- **Task instructions**
Transcribe the records exactly from the line with "V \<omega> = rank" to the end, both included.

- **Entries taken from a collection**
——————————

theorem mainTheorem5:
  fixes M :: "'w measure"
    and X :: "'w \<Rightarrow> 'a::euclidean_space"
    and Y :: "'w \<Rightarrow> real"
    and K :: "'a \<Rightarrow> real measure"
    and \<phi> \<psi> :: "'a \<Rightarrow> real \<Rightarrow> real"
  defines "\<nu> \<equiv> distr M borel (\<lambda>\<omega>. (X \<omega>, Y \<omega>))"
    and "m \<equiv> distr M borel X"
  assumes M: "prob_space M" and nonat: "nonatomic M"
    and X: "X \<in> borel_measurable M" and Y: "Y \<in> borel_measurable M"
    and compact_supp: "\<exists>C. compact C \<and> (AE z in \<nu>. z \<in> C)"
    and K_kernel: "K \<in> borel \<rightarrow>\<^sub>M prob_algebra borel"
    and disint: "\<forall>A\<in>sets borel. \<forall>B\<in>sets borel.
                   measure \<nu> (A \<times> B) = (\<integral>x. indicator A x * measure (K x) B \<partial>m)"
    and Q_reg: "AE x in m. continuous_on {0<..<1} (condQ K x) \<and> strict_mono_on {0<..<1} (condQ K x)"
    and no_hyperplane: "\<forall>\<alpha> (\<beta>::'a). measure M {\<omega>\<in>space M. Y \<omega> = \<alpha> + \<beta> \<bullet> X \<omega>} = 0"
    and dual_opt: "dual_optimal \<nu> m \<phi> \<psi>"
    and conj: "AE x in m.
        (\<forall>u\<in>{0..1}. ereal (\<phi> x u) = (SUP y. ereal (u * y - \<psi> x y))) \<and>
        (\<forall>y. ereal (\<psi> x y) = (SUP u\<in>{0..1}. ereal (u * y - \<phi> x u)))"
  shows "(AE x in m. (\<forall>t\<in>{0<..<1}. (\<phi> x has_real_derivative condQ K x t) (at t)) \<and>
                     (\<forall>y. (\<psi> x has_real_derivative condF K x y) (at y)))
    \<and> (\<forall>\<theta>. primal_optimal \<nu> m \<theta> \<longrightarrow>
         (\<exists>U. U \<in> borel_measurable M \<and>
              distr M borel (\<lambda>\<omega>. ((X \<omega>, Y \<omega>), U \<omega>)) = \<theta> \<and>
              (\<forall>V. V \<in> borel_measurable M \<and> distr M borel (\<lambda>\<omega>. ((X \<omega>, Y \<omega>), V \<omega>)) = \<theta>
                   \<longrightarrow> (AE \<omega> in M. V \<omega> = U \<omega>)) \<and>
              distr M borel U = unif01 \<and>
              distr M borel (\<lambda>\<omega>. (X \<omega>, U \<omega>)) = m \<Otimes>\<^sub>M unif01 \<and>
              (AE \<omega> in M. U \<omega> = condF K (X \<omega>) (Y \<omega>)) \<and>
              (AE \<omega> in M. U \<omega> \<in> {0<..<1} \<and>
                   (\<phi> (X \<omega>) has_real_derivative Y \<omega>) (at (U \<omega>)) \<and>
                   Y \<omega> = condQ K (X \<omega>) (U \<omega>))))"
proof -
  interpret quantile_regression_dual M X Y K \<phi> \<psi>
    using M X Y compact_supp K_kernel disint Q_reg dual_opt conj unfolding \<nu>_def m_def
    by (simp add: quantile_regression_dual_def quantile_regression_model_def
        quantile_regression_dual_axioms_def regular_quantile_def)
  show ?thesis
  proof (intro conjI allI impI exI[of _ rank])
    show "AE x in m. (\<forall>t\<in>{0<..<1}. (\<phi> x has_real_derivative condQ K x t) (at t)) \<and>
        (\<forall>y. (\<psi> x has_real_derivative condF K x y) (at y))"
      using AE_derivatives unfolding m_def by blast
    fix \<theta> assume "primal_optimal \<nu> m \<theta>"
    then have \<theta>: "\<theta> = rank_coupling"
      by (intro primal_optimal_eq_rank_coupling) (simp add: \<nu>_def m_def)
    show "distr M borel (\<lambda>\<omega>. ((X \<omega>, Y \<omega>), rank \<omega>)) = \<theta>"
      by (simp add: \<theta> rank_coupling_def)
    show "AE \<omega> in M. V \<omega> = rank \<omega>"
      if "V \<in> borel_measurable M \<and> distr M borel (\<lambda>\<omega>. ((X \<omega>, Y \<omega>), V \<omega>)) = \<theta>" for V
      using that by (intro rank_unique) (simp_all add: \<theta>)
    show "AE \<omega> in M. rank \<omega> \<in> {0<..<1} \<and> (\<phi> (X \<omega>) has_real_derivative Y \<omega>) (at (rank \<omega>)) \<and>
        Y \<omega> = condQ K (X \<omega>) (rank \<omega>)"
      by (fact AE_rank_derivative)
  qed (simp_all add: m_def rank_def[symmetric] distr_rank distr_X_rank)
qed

——————————

- **Result of this task**
    show "AE \<omega> in M. V \<omega> = rank \<omega>"
      if "V \<in> borel_measurable M \<and> distr M borel (\<lambda>\<omega>. ((X \<omega>, Y \<omega>), V \<omega>)) = \<theta>" for V
      using that by (intro rank_unique) (simp_all add: \<theta>)
    show "AE \<omega> in M. rank \<omega> \<in> {0<..<1} \<and> (\<phi> (X \<omega>) has_real_derivative Y \<omega>) (at (rank \<omega>)) \<and>
        Y \<omega> = condQ K (X \<omega>) (rank \<omega>)"
      by (fact AE_rank_derivative)
  qed (simp_all add: m_def rank_def[symmetric] distr_rank distr_X_rank)
qed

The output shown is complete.